Chicago students have led the way in this important work. Chicago Public Schools (CPS) first piloted the Eat What You Grow food safety and nutrition education program in eight schools in 2013 with the help of a USDA Farm to School grant. Not only does the program allow students to eat fresh fruits and vegetables grown right on their own campus, it also teaches students lessons about nutrition and food production in a way that only hands-on learning can.
James Wadsworth Elementary School is one of 150 CPS schools that’s now Eat What You Grow certified, and the district is planning to certify an additional 50 Eat What You Grow schools every year so that all schools with a garden can participate.

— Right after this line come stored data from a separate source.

(* Let $\epsilon\in(0,1/e]$, $p_v,p_e\in(0,1]$, let $G=(V,E)$ be a graph with nonnegative edge weights $w_e$, and let $x$ be the fractional matching produced by the non-crucial edge procedure (context). Then $$\mathbb{E}\Big[\sum_{e\in N}w_e\,x_e\Big]\ \ge\ (1-10\epsilon)\,\varphi(N).$$
   Context: Realization model: given $p_v,p_e\in(0,1]$ and $G=(V,E)$ with weights $w_e\ge0$, a realization $\mathcal{G}=(\mathcal{V},\mathcal{E})$ keeps each vertex independently with probability $p_v$ and each edge $(u,v)$ independently with probability $p_e$ provided both $u,v$ are kept. Fix a deterministic algorithm computing a maximum-weight matching $M(H)$. $q_e:=\Pr[e\in M(\mathcal{G})]$. For $X\subseteq E$, $\varphi(X):=\sum_{e\in X}w_eq_e$. $\tau=\frac{\epsilon^3p_v^2p_e}{20\log(1/\epsilon)}$, $R=\frac{2000\log(1/\epsilon)\log(1/(\epsilon p_v^2p_e))}{\epsilon^4p_v^2p_e}$. $N=\{e\in E:q_e<\tau\}$; $q_v^N:=\sum_{e\in N,\,e\ni v}q_e$. Algorithm 1: for $r=1,\dots,R$ draw an independent realization $\mathcal{G}_r$ and put the edges of $M(\mathcal{G}_r)$ into $Q=(V,E_Q)$; $f_e:=$ (number of $r$ with $e\in M(\mathcal{G}_r)$)$/R$. The realization $\mathcal{G}$ is independent of the algorithm's samples; $\mathcal{E}_Q=E_Q\cap\mathcal{E}$. Non-crucial edge procedure: (1) for $e\in\mathcal{E}_Q\cap N$ set $\tilde x_e=\min\{f_e/(p_v^2p_e),\,2\tau/(p_v^2p_e)\}$, and $\tilde x_e=0$ otherwise; let $\tilde x_v=\sum_{e\ni v}\tilde x_e$. (2) For each edge $e$ set $s_e=\min\big(\{1\}\cup\{\max\{q_v^N,\epsilon\}/(p_v\tilde x_v): v\in e\}\big)$. (3) Set $x_e=s_e\tilde x_e$. *)

theory Defs
  imports "HOL-Probability.Probability"
begin
lemma descendants_subset_ball:
  assumes "x \<in> V" "\<forall>y\<in>descendants V E c x. 1 \<le> c y"
  shows "descendants V E c x \<subseteq> ball V E x (c x - 1)"
proof
  fix y assume y: "y \<in> descendants V E c x"
  obtain n where walk: "walk V E n x y" and "n + c y \<le> c x"
    using descendants_walk[OF y assms(1)] by blast
  moreover have "1 \<le> c y" using assms(2) y by blast
  ultimately have "n \<le> c x - 1" by linarith
  then show "y \<in> ball V E x (c x - 1)" by (rule walk_imp_mem_ball[OF walk])
qed

lemma card_le_deg:
  assumes "finite V" "A \<subseteq> c ` {w \<in> V. E x w}"
  shows "card A \<le> deg V E x"
proof -
  have "finite {w \<in> V. E x w}" using assms(1) by simp
  then have "card A \<le> card (c ` {w \<in> V. E x w})" using assms(2) by (simp add: card_mono)
  also have "\<dots> \<le> card {w \<in> V. E x w}" using \<open>finite {w \<in> V. E x w}\<close> by (rule card_image_le)
  finally show ?thesis unfolding deg_def .
qed

lemma lower_colors_subset_neighbour_colors:
  assumes "grundy_on V E c" "x \<in> V"
  shows "{1..<c x} \<subseteq> c ` {w \<in> V. E x w}"
proof
  fix i assume "i \<in> {1..<c x}"
  then have "1 \<le> i \<and> i < c x" by simp
  then obtain w where "w \<in> V" "E x w" "c w = i" using assms unfolding grundy_on_def by blast
  then show "i \<in> c ` {w \<in> V. E x w}" by blast
qed

lemma pred_color_le_deg:
  assumes "finite V" "grundy_on V E c" "x \<in> V"
  shows "c x - 1 \<le> deg V E x"
  using card_le_deg[where c = c and E = E and x = x,
      OF assms(1) lower_colors_subset_neighbour_colors[OF assms(2,3)]] by simp

lemma color_le_deg_if_higher_neighbour:
  assumes "finite V" "grundy_on V E c" "x \<in> V" "y \<in> V" "E x y" "c x < c y"
  shows "c x \<le> deg V E x"
proof -
  have "insert (c y) {1..<c x} \<subseteq> c ` {w \<in> V. E x w}"
    using lower_colors_subset_neighbour_colors[OF assms(2,3)] assms(4,5) by blast
  from card_le_deg[where c = c and E = E and x = x, OF assms(1) this]
  show ?thesis using assms(6) by simp
qed

lemma inj_on_neighbour_colors:
  assumes "finite V" "grundy_on V E c" "x \<in> V" "deg V E x \<le> c x - 1"
  shows "inj_on c {w \<in> V. E x w}"
proof (rule eq_card_imp_inj_on)
  let ?N = "{w \<in> V. E x w}"
  show "finite ?N" using assms(1) by simp
  have "c x - 1 \<le> card (c ` ?N)"
    using card_mono[OF _ lower_colors_subset_neighbour_colors[OF assms(2,3)]] \<open>finite ?N\<close> by simp
  moreover have "card (c ` ?N) \<le> card ?N" using card_image_le \<open>finite ?N\<close> .
  ultimately show "card (c ` ?N) = card ?N" using assms(4) unfolding deg_def by linarith
qed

Just a few years ago, the schoolyard at Wadsworth had an unusable basketball court and a decrepit playground. After a Space to Grow renovation, the schoolyard has plenty of space for students to play, read and grow their own food. Space to Grow is an innovative partnership led by Healthy Schools Campaign and Openlands, using a unique model that brings together capital funds and leadership from the Chicago Department of Water Management, the Metropolitan Water Reclamation District of Greater Chicago and Chicago Public Schools. Space to Grow transforms Chicago schoolyards into beautiful and functional spaces to play, learn, garden and enjoy being outside.
In early summer, just before school let out for the summer, Wadsworth’s garden was bursting with radishes, lettuces and wheat. After harvesting the lettuce, the food service staff cleaned and prepared it, added a simple dressing featuring orange juice and served the delicious salad to students. They couldn’t get enough!
The effect of the program and the garden extends beyond just a tasty treat. Wadsworth also has an engaged garden club where students are responsible for planting, tending and harvesting the garden. Teachers incorporate the garden into their lessons plans, including a science experiment using different colored lights to grow plants and a health lessons about butterfly diets featuring lettuce from the garden. The Eat What You Grow program is a critical way for schools to connect the classroom, the dining center and the school garden.
We’re excited that more students in Illinois will get to take advantage of the many benefits that come from growing and eating your own food.